Monday, 7 March 2011

Valuing cultural heritage

I’ve been thinking quite a bit recently about how to demonstrate the value that some groups in society place on their cultural patrimony. My interest in this topic was re-awakened by reports last month that the protestors in Cairo’s Tahrir Square had set up a protective zone around the Egyptian Museum next door to prevent looting and damage to the priceless assets contained therein. Although there was some minor damage and a small number of statuettes were stolen, this seems to have happened in only one incident. Recent reports from the former head of the Supreme Council for Antiquities, Dr Zahi Hawass, suggest that there has also been some damage around the ruins at Saqqara and in some other locations. But in the main, the Egyptian people have respected the legal protection afforded to some of the richest archaeological remains in the world.

One compares this with the situation a few years ago in Iraq, when there was widespread looting in the national museum in Baghdad, with many items still missing and presumed destroyed or sold on the black market. And the damage to the ruins of the ancient city of Ur by US marines who used the site as a base to oversee the downfall of Saddam Hussein was not only a violation of trust but also a clear illustration of the lack of awareness, appreciation and understanding of the enormously rich heritage of the region still prevalent amongst many people.

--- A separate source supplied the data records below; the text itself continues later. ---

(* Let $\Gamma_0\subset G_0$ be a Schottky group and $u\in Z^1(\Gamma_0,V)$. If there exist $\gamma_1,\gamma_2\in\Gamma_0$ with $\alpha_u(\gamma_1)<0<\alpha_u(\gamma_2)$, then the affine deformation $\Gamma_u$ does not act properly on $\mathsf E$.
   Context: $G_0=\mathrm{PSL}(2,\mathbb R)$; fix $r\ge1$ and let $V=V_r$ be the $(2r+1)$-dimensional irreducible representation of $G_0$ (the $2r$-th symmetric power of the standard representation of $\mathrm{SL}(2,\mathbb R)$), with action $L$ and invariant nondegenerate symmetric bilinear form $B$. For hyperbolic $\gamma\in G_0$, lift to $\tilde\gamma\in\mathrm{SL}(2,\mathbb R)$ with eigenvalues $\lambda,\lambda^{-1}$, $|\lambda|<1$, eigenvectors $v_+$ (for $\lambda$) and $v_-$ (for $\lambda^{-1}$) with $(v_-,v_+)$ positively oriented; the neutral vector $x^0(\gamma)$ is the positive multiple of $v_-^rv_+^r\in V$ with $B(x^0(\gamma),x^0(\gamma))=1$. A Schottky group is a finitely generated nonabelian discrete subgroup of $G_0$ all of whose nontrivial elements are hyperbolic. A cocycle $u\in Z^1(\Gamma_0,V)$ satisfies $u(\gamma_1\gamma_2)=u(\gamma_1)+L(\gamma_1)u(\gamma_2)$. $\mathsf E$ is the affine space modeled on $V$ and $\Gamma_u$ is the group of affine maps $x\mapsto L(\gamma)x+u(\gamma)$, $\gamma\in\Gamma_0$. Margulis invariant: $\alpha_u(\gamma)=B(u(\gamma),x^0(\gamma))$. "Acts properly" means properly discontinuously. *)

theory Defs
  imports "HOL-Analysis.Analysis" "HOL-Computational_Algebra.Polynomial"
begin

type_synonym mat2 = "real^2^2"
type_synonym Vvec = "nat \<Rightarrow> real"

definition SL2 :: "mat2 set" where
  "SL2 = {g. det g = 1}"

definition hyperbolic :: "mat2 \<Rightarrow> bool" where
  "hyperbolic g \<longleftrightarrow> g \<in> SL2 \<and> \<bar>trace g\<bar> > 2"

text \<open>Subgroup of SL(2,R) generated by S and -I (preimage of the subgroup of PSL(2,R)
 generated by the image of S).\<close>
inductive_set sl_gen :: "mat2 set \<Rightarrow> mat2 set" for S where
  gen_one: "mat 1 \<in> sl_gen S"
| gen_neg: "- mat 1 \<in> sl_gen S"
| gen_base: "s \<in> S \<Longrightarrow> s \<in> sl_gen S"
| gen_mult: "a \<in> sl_gen S \<Longrightarrow> b \<in> sl_gen S \<Longrightarrow> a ** b \<in> sl_gen S"
| gen_inv: "a \<in> sl_gen S \<Longrightarrow> matrix_inv a \<in> sl_gen S"

text \<open>A subgroup Gamma0 of PSL(2,R) is represented by its full preimage G in SL(2,R).\<close>
definition psl_subgroup :: "mat2 set \<Rightarrow> bool" where
  "psl_subgroup G \<longleftrightarrow> G \<subseteq> SL2 \<and> mat 1 \<in> G \<and> - mat 1 \<in> G \<and>
     (\<forall>a\<in>G. \<forall>b\<in>G. a ** b \<in> G) \<and> (\<forall>a\<in>G. matrix_inv a \<in> G)"

definition schottky :: "mat2 set \<Rightarrow> bool" where
  "schottky G \<longleftrightarrow> psl_subgroup G
     \<and> (\<exists>S. finite S \<and> S \<subseteq> SL2 \<and> G = sl_gen S)
     \<and> (\<exists>a\<in>G. \<exists>b\<in>G. a ** b \<noteq> b ** a \<and> a ** b \<noteq> - (b ** a))
     \<and> (\<forall>g\<in>G. \<exists>e>0. \<forall>h\<in>G. dist h g < e \<longrightarrow> h = g)
     \<and> (\<forall>g\<in>G. g \<noteq> mat 1 \<and> g \<noteq> - mat 1 \<longrightarrow> hyperbolic g)"

text \<open>A homogeneous polynomial  sum_k c_k e1^k e2^(2r-k)  is encoded by its coefficient
 function c (c k = 0 for k > 2r); as a polynomial in t it is sum_k c_k t^k
 (t stands for e1, 1 for e2). A vector v = v1 e1 + v2 e2 becomes [:v2, v1:].\<close>

definition Vr :: "nat \<Rightarrow> Vvec set" where
  "Vr r = {c. \<forall>k>2*r. c k = 0}"

definition lin :: "real^2 \<Rightarrow> real poly" where
  "lin v = [: v$2, v$1 :]"

definition Lrep :: "nat \<Rightarrow> mat2 \<Rightarrow> Vvec \<Rightarrow> Vvec" where
  "Lrep r g c = coeff (\<Sum>k\<le>2*r. smult (c k)
      ([: g$2$1, g$1$1 :] ^ k * [: g$2$2, g$1$2 :] ^ (2*r - k)))"

definition sym_prod :: "nat \<Rightarrow> real^2 \<Rightarrow> real^2 \<Rightarrow> Vvec" where
  "sym_prod r vm vp = coeff (lin vm ^ r * lin vp ^ r)"

text \<open>Invariant nondegenerate symmetric bilinear form (normalised so that B(x0,x0) > 0 on
 neutral directions).\<close>
definition Bform :: "nat \<Rightarrow> Vvec \<Rightarrow> Vvec \<Rightarrow> real" where
  "Bform r c d = (-1)^r * (\<Sum>k\<le>2*r. (-1)^k * c k * d (2*r - k) / real (2*r choose k))"

definition is_neutral :: "nat \<Rightarrow> mat2 \<Rightarrow> Vvec \<Rightarrow> bool" where
  "is_neutral r g x \<longleftrightarrow> (\<exists>lam vm vp c.
      \<bar>lam\<bar> < 1 \<and> vm \<noteq> 0 \<and> vp \<noteq> 0 \<and>
      g *v vp = lam *\<^sub>R vp \<and> g *v vm = (1 / lam) *\<^sub>R vm \<and>
      vm$1 * vp$2 - vm$2 * vp$1 > 0 \<and>
      c > 0 \<and> x = (\<lambda>k. c * sym_prod r vm vp k) \<and> Bform r x x = 1)"

definition neutral :: "nat \<Rightarrow> mat2 \<Rightarrow> Vvec" where
  "neutral r g = (THE x. is_neutral r g x)"

definition margulis :: "nat \<Rightarrow> (mat2 \<Rightarrow> Vvec) \<Rightarrow> mat2 \<Rightarrow> real" where
  "margulis r u g = Bform r (u g) (neutral r g)"

text \<open>u is a function on Gamma0 \<subseteq> PSL(2,R), i.e. on the preimage G, constant on
 fibres {g,-g}.\<close>
definition cocycle :: "nat \<Rightarrow> mat2 set \<Rightarrow> (mat2 \<Rightarrow> Vvec) \<Rightarrow> bool" where
  "cocycle r G u \<longleftrightarrow> (\<forall>g\<in>G. u g \<in> Vr r \<and> u (- g) = u g) \<and>
     (\<forall>g\<in>G. \<forall>h\<in>G. u (g ** h) = (\<lambda>k. u g k + Lrep r g (u h) k))"

definition aff :: "nat \<Rightarrow> (mat2 \<Rightarrow> Vvec) \<Rightarrow> mat2 \<Rightarrow> Vvec \<Rightarrow> Vvec" where
  "aff r u g x = (\<lambda>k. Lrep r g x k + u g k)"

text \<open>Proper discontinuity of the affine action on E = V_r (compact K \<subseteq> V_r meets only
 finitely many translates; finiteness in the preimage G is equivalent to finiteness in
 Gamma0, as G \<rightarrow> Gamma0 is 2-to-1).\<close>
definition acts_properly :: "nat \<Rightarrow> mat2 set \<Rightarrow> (mat2 \<Rightarrow> Vvec) \<Rightarrow> bool" where
  "acts_properly r G u \<longleftrightarrow> (\<forall>K. compact K \<and> K \<subseteq> Vr r \<longrightarrow>
      finite {g\<in>G. aff r u g ` K \<inter> K \<noteq> {}})"

end

theory Submission
  imports Defs
begin

(* The Margulis invariant of a hyperbolic g is a positive multiple of the neutral (r-th)
   coordinate of u g in the eigenbasis vm^i vp^(2r-i) of V_r. In that basis the affine map of g
   contracts the coordinates on one side of r, expands those on the other side and translates
   the neutral one by the neutral coordinate of u g. Take A and Y with invariants of opposite
   signs, the expanding eigenline of Y transverse to the contracting eigenline of A (conjugating Y
   inside the Schottky group arranges this), and m_j / n_j close to the ratio of the two drifts.
   Points x_j, pushed by Y^(n_j) along a line transverse to both eigenframes, and their images
   under A^(m_j) Y^(n_j) then stay in one compact box, while the elements A^(m_j) Y^(n_j) are
   pairwise distinct; so the action is not proper. *)

section \<open>Two-by-two matrices\<close>

lemma mat2_eqI:
  "(A::mat2)$1$1 = B$1$1 \<Longrightarrow> A$1$2 = B$1$2 \<Longrightarrow> A$2$1 = B$2$1 \<Longrightarrow> A$2$2 = B$2$2 \<Longrightarrow> A = B"
  by (simp add: vec_eq_iff forall_2)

News coming out of Libya also gives some cause for concern, with reports that some archaeological sites are being damaged in the struggle between pro- and anti- Gaddafi forces. In all three cases, there are fundamental issues of national identity and political power being worked out and yet only in the Egyptian case have the protagonists gone out of their way to protect their patrimony. One wonders whether this is in part because they recognise the enormous contribution that such assets make to the development and sustainability of a responsible tourism sector that celebrates rather than diminishes cultures and their heritage. Perhaps we will never know what drove those Egyptian protestors in Tahrir Square to protect the treasures of the Egyptian Museum. But we should remember to thank them.